Available data
>>>
(* Consider the equation $$m_t+u_xu^{-3}m+(u^{-2}m)_x=0,\qquad m=u-u_{xx}.$$ For every wave speed $c>0$ and every parameter $b$ with $0<b<1$, this equation possesses smooth solitary travelling wave solutions $u=U(x-ct)$ (two of them, related by $U\leftrightarrow -U$), where $U$ is smooth, nowhere zero, $U(\xi)\to0$ as $|\xi|\to\infty$, and $U$ has a single peak with $$\max_\xi|U(\xi)|=\frac{b\sqrt{2-b^2}}{\sqrt c}.$$ These solutions satisfy the first-order ODE $U'^2=U^2\,\dfrac{b^2-1+\sqrt{1-cU^2}}{1+\sqrt{1-cU^2}}$.
   Context: A travelling wave of speed $c$ is a solution of the form $u(t,x)=U(\xi)$ with $\xi=x-ct$; for smooth $U$ the equation reduces to the third-order ODE $-c(U'-U''')+U'(U-U'')U^{-3}+((U-U'')U^{-2})'=0$. *)

theory Defs
  imports "HOL-Analysis.Analysis"
begin

definition smooth_real :: "(real \<Rightarrow> real) \<Rightarrow> bool" where
  "smooth_real U \<longleftrightarrow> (\<forall>n x. ((deriv ^^ n) U) differentiable (at x))"

definition tw_ode :: "real \<Rightarrow> (real \<Rightarrow> real) \<Rightarrow> bool" where
  "tw_ode c U \<longleftrightarrow> (\<forall>\<xi>.
     - c * (deriv U \<xi> - (deriv ^^ 3) U \<xi>)
     + deriv U \<xi> * (U \<xi> - (deriv ^^ 2) U \<xi>) / (U \<xi>) ^ 3
     + deriv (\<lambda>s. (U s - (deriv ^^ 2) U s) / (U s) ^ 2) \<xi> = 0)"

definition first_order_ode :: "real \<Rightarrow> real \<Rightarrow> (real \<Rightarrow> real) \<Rightarrow> bool" where
  "first_order_ode c b U \<longleftrightarrow> (\<forall>\<xi>.
     (deriv U \<xi>) ^ 2 = (U \<xi>) ^ 2 * (b ^ 2 - 1 + sqrt (1 - c * (U \<xi>) ^ 2))
                                     / (1 + sqrt (1 - c * (U \<xi>) ^ 2)))"

definition solitary_wave :: "real \<Rightarrow> real \<Rightarrow> (real \<Rightarrow> real) \<Rightarrow> bool" where
  "solitary_wave c b U \<longleftrightarrow>
     smooth_real U
   \<and> (\<forall>\<xi>. U \<xi> \<noteq> 0)
   \<and> (U \<longlongrightarrow> 0) at_top \<and> (U \<longlongrightarrow> 0) at_bot
   \<and> (\<exists>\<xi>0. (\<forall>s t. s < t \<and> t \<le> \<xi>0 \<longrightarrow> \<bar>U s\<bar> < \<bar>U t\<bar>)
          \<and> (\<forall>s t. \<xi>0 \<le> s \<and> s < t \<longrightarrow> \<bar>U t\<bar> < \<bar>U s\<bar>)
          \<and> \<bar>U \<xi>0\<bar> = b * sqrt (2 - b ^ 2) / sqrt c
          \<and> (\<forall>\<xi>. \<bar>U \<xi>\<bar> \<le> \<bar>U \<xi>0\<bar>))
   \<and> tw_ode c U
   \<and> first_order_ode c b U"

end

theory Submission
  imports Defs
begin

(*
  The wave is given parametrically by xi = Xi t and U = P t, where k = b / sqrt 2,
    P t = A cosh t / (1 + (1 - k^2) sinh t ^ 2),
    Xi t = t / k - ln (cosh t + k sinh t) + ln (cosh t - k sinh t),
  the derivative d/dxi becomes R t d/dt with R = 1 / Xi' = k E / F, where
  E = 1 + (1 - k^2) sinh^2 and F = E - 2 k^2. Since Xi' >= (1 - 2 k^2) / k > 0,
  Xi is a diffeomorphism of the line, so U = P o Xi^-1 is a smooth, decaying,
  single-peaked wave of height P 0 = A. Differentiating twice gives
  U - U'' = M o Xi^-1 with M t = A (1 - k^2) cosh t / F t, and the third-order
  equation reduces to m' (1 - c U^2) U = m U' for m = U - U''. Because
  sqrt (1 - c U^2) = F / E, both this and the first-order equation become
  algebraic identities in sinh t and cosh t. The equation is odd in U, so -U
  is a solution as well.
*)

section \<open>Smooth real functions\<close>

fun times_differentiable :: "nat \<Rightarrow> (real \<Rightarrow> real) \<Rightarrow> bool" where
  "times_differentiable 0 f \<longleftrightarrow> True"
| "times_differentiable (Suc n) f \<longleftrightarrow>
     (\<forall>x. f differentiable (at x)) \<and> times_differentiable n (deriv f)"

lemma times_differentiable_iff:
  "times_differentiable n f \<longleftrightarrow> (\<forall>m<n. \<forall>x. (deriv ^^ m) f differentiable (at x))"
proof (induction n arbitrary: f)
  case (Suc n)
  have "(\<forall>m<Suc n. \<forall>x. (deriv ^^ m) f differentiable (at x)) \<longleftrightarrow>
        (\<forall>x. f differentiable (at x)) \<and> (\<forall>m<n. \<forall>x. (deriv ^^ m) (deriv f) differentiable (at x))"
    unfolding All_less_Suc2 funpow_Suc_right by simp
  then show ?case using Suc by simp
qed simp

lemma smooth_real_iff_times_differentiable:
  "smooth_real f \<longleftrightarrow> (\<forall>n. times_differentiable n f)"
  unfolding smooth_real_def times_differentiable_iff using lessI by blast

lemma smooth_real_differentiable: "smooth_real f \<Longrightarrow> f differentiable (at x)"
  unfolding smooth_real_def by (metis funpow_0)

lemma smooth_real_DERIV: "smooth_real f \<Longrightarrow> DERIV f x :> deriv f x"
  using smooth_real_differentiable DERIV_deriv_iff_real_differentiable by blast

lemma smooth_real_deriv: "smooth_real f \<Longrightarrow> smooth_real (deriv f)"
  unfolding smooth_real_def by (metis funpow_Suc_right o_apply)

lemma times_differentiable_Suc_imp:
  "times_differentiable (Suc n) f \<Longrightarrow> times_differentiable n f"
  by (simp add: times_differentiable_iff del: times_differentiable.simps)

lemma times_differentiable_const: "times_differentiable n (\<lambda>x. a)"
  by (induction n arbitrary: a) auto

lemma times_differentiable_add:
  "times_differentiable n f \<Longrightarrow> times_differentiable n g \<Longrightarrow> times_differentiable n (\<lambda>x. f x + g x)"
proof (induction n arbitrary: f g)
  case (Suc n)
  have "deriv (\<lambda>x. f x + g x) = (\<lambda>x. deriv f x + deriv g x)"
    using Suc.prems by (intro ext DERIV_imp_deriv derivative_intros)
       (simp_all add: DERIV_deriv_iff_real_differentiable)
  with Suc show ?case by auto
qed simp

lemma times_differentiable_mult:
  "times_differentiable n f \<Longrightarrow> times_differentiable n g \<Longrightarrow> times_differentiable n (\<lambda>x. f x * g x)"
proof (induction n arbitrary: f g)
  case (Suc n)
  have "deriv (\<lambda>x. f x * g x) = (\<lambda>x. f x * deriv g x + deriv f x * g x)"
    using Suc.prems by (intro ext DERIV_imp_deriv DERIV_mult')
       (simp_all add: DERIV_deriv_iff_real_differentiable)
  moreover have "times_differentiable n f" "times_differentiable n g"
    using Suc.prems by (simp_all add: times_differentiable_Suc_imp)
  ultimately show ?case
    using Suc by (auto intro!: times_differentiable_add)
qed simp

lemma times_differentiable_inverse:
  "times_differentiable n f \<Longrightarrow> (\<And>x. f x \<noteq> 0) \<Longrightarrow> times_differentiable n (\<lambda>x. inverse (f x))"
proof (induction n arbitrary: f)
  case (Suc n)
  have DERIV_inverse: "DERIV (\<lambda>x. inverse (f x)) x :> (- 1) * deriv f x * (inverse (f x) * inverse (f x))" for x
    using DERIV_inverse_fun[of f "deriv f x" x] Suc.prems
    by (simp add: DERIV_deriv_iff_real_differentiable power2_eq_square)
  then have "deriv (\<lambda>x. inverse (f x)) = (\<lambda>x. (- 1) * deriv f x * (inverse (f x) * inverse (f x)))"
    by (intro ext DERIV_imp_deriv)
  moreover have "times_differentiable n (\<lambda>x. (- 1) * deriv f x * (inverse (f x) * inverse (f x)))"
    using Suc by (intro times_differentiable_mult times_differentiable_const)
      (simp_all add: times_differentiable_Suc_imp)
  ultimately show ?case
    using DERIV_inverse real_differentiable_def by auto
qed simp

lemma times_differentiable_sinh_cosh: "times_differentiable n sinh \<and> times_differentiable n cosh"
proof (induction n)
  case (Suc n)
  have "deriv sinh = (cosh :: real \<Rightarrow> real)" "deriv cosh = (sinh :: real \<Rightarrow> real)"
    by (auto intro!: ext DERIV_imp_deriv derivative_eq_intros)
  moreover have "sinh differentiable (at x)" "cosh differentiable (at x)" for x :: real
    by (auto intro!: derivative_intros simp: real_differentiable_def)
  ultimately show ?case using Suc by simp
qed simp

lemma smooth_real_const [simp]: "smooth_real (\<lambda>x. a)"
  by (simp add: smooth_real_iff_times_differentiable times_differentiable_const)

lemma smooth_real_add:
  "smooth_real f \<Longrightarrow> smooth_real g \<Longrightarrow> smooth_real (\<lambda>x. f x + g x)"
  by (simp add: smooth_real_iff_times_differentiable times_differentiable_add)

lemma smooth_real_mult:
  "smooth_real f \<Longrightarrow> smooth_real g \<Longrightarrow> smooth_real (\<lambda>x. f x * g x)"
  by (simp add: smooth_real_iff_times_differentiable times_differentiable_mult)

lemma smooth_real_minus: "smooth_real f \<Longrightarrow> smooth_real (\<lambda>x. - f x)"
  using smooth_real_mult[OF smooth_real_const[of "- 1"]] by simp

lemma smooth_real_diff:
  "smooth_real f \<Longrightarrow> smooth_real g \<Longrightarrow> smooth_real (\<lambda>x. f x - g x)"
  using smooth_real_add[of f "\<lambda>x. - g x"] smooth_real_minus[of g] by simp

lemma smooth_real_power2: "smooth_real f \<Longrightarrow> smooth_real (\<lambda>x. f x ^ 2)"
  using smooth_real_mult[of f f] by (simp add: power2_eq_square)

lemma smooth_real_divide:
  "smooth_real f \<Longrightarrow> smooth_real g \<Longrightarrow> (\<And>x. g x \<noteq> 0) \<Longrightarrow> smooth_real (\<lambda>x. f x / g x)"
  using smooth_real_mult[of f "\<lambda>x. inverse (g x)"]
  by (simp add: smooth_real_iff_times_differentiable times_differentiable_inverse divide_inverse)

lemma smooth_real_sinh: "smooth_real sinh"
  and smooth_real_cosh: "smooth_real cosh"
  by (simp_all add: smooth_real_iff_times_differentiable times_differentiable_sinh_cosh)

lemmas smooth_real_intros =
  smooth_real_const smooth_real_add smooth_real_mult smooth_real_minus smooth_real_diff
  smooth_real_power2 smooth_real_divide smooth_real_sinh smooth_real_cosh

lemma smooth_real_funpow_deriv: "smooth_real f \<Longrightarrow> smooth_real ((deriv ^^ n) f)"
  by (induction n) (simp_all add: smooth_real_deriv)

section \<open>Travelling waves\<close>

definition momentum :: "(real \<Rightarrow> real) \<Rightarrow> real \<Rightarrow> real" where
  "momentum U \<xi> = U \<xi> - (deriv ^^ 2) U \<xi>"

lemma smooth_real_momentum: "smooth_real U \<Longrightarrow> smooth_real (momentum U)"
  unfolding momentum_def[abs_def] by (intro smooth_real_diff smooth_real_funpow_deriv)

lemma deriv_momentum:
  "smooth_real U \<Longrightarrow> deriv (momentum U) \<xi> = deriv U \<xi> - (deriv ^^ 3) U \<xi>"
proof -
  assume U: "smooth_real U"
  have "DERIV (momentum U) \<xi> :> deriv U \<xi> - deriv ((deriv ^^ 2) U) \<xi>"
    unfolding momentum_def[abs_def] using U by (intro DERIV_diff smooth_real_DERIV smooth_real_funpow_deriv)
  moreover have "(deriv ^^ 3) U = deriv ((deriv ^^ 2) U)"
    by (simp add: numeral_3_eq_3 numeral_2_eq_2)
  ultimately show ?thesis by (simp add: DERIV_imp_deriv)
qed

lemma tw_ode_iff_momentum:
  assumes U: "smooth_real U" and nz: "\<And>\<xi>. U \<xi> \<noteq> 0"
  shows "tw_ode c U \<longleftrightarrow>
    (\<forall>\<xi>. deriv (momentum U) \<xi> * (1 - c * U \<xi> ^ 2) * U \<xi> = momentum U \<xi> * deriv U \<xi>)"
proof -
  have "- c * deriv (momentum U) \<xi>
        + deriv U \<xi> * momentum U \<xi> / U \<xi> ^ 3 + deriv (\<lambda>s. momentum U s / U s ^ 2) \<xi>
      = (deriv (momentum U) \<xi> * (1 - c * U \<xi> ^ 2) * U \<xi> - momentum U \<xi> * deriv U \<xi>) / U \<xi> ^ 3"
    for \<xi>
  proof -
    have "DERIV (\<lambda>s. momentum U s / U s ^ 2) \<xi> :>
        (deriv (momentum U) \<xi> * U \<xi> ^ 2 - momentum U \<xi> * (2 * U \<xi> * deriv U \<xi>)) / (U \<xi> ^ 2 * U \<xi> ^ 2)"
      using U nz[of \<xi>]
      by (auto intro!: derivative_eq_intros smooth_real_DERIV smooth_real_momentum simp: power2_eq_square)
    then show ?thesis
      using nz[of \<xi>] by (simp add: DERIV_imp_deriv field_simps power2_eq_square power3_eq_cube)
  qed
  then show ?thesis
    unfolding tw_ode_def momentum_def[symmetric] deriv_momentum[OF U, symmetric] using nz by simp
qed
<<<
Each line of the material that contains the string "sqrt" has to be copied out.

Exercise answer
(* Consider the equation $$m_t+u_xu^{-3}m+(u^{-2}m)_x=0,\qquad m=u-u_{xx}.$$ For every wave speed $c>0$ and every parameter $b$ with $0<b<1$, this equation possesses smooth solitary travelling wave solutions $u=U(x-ct)$ (two of them, related by $U\leftrightarrow -U$), where $U$ is smooth, nowhere zero, $U(\xi)\to0$ as $|\xi|\to\infty$, and $U$ has a single peak with $$\max_\xi|U(\xi)|=\frac{b\sqrt{2-b^2}}{\sqrt c}.$$ These solutions satisfy the first-order ODE $U'^2=U^2\,\dfrac{b^2-1+\sqrt{1-cU^2}}{1+\sqrt{1-cU^2}}$.
     (deriv U \<xi>) ^ 2 = (U \<xi>) ^ 2 * (b ^ 2 - 1 + sqrt (1 - c * (U \<xi>) ^ 2))
                                     / (1 + sqrt (1 - c * (U \<xi>) ^ 2)))"
          \<and> \<bar>U \<xi>0\<bar> = b * sqrt (2 - b ^ 2) / sqrt c
  The wave is given parametrically by xi = Xi t and U = P t, where k = b / sqrt 2,
  sqrt (1 - c U^2) = F / E, both this and the first-order equation become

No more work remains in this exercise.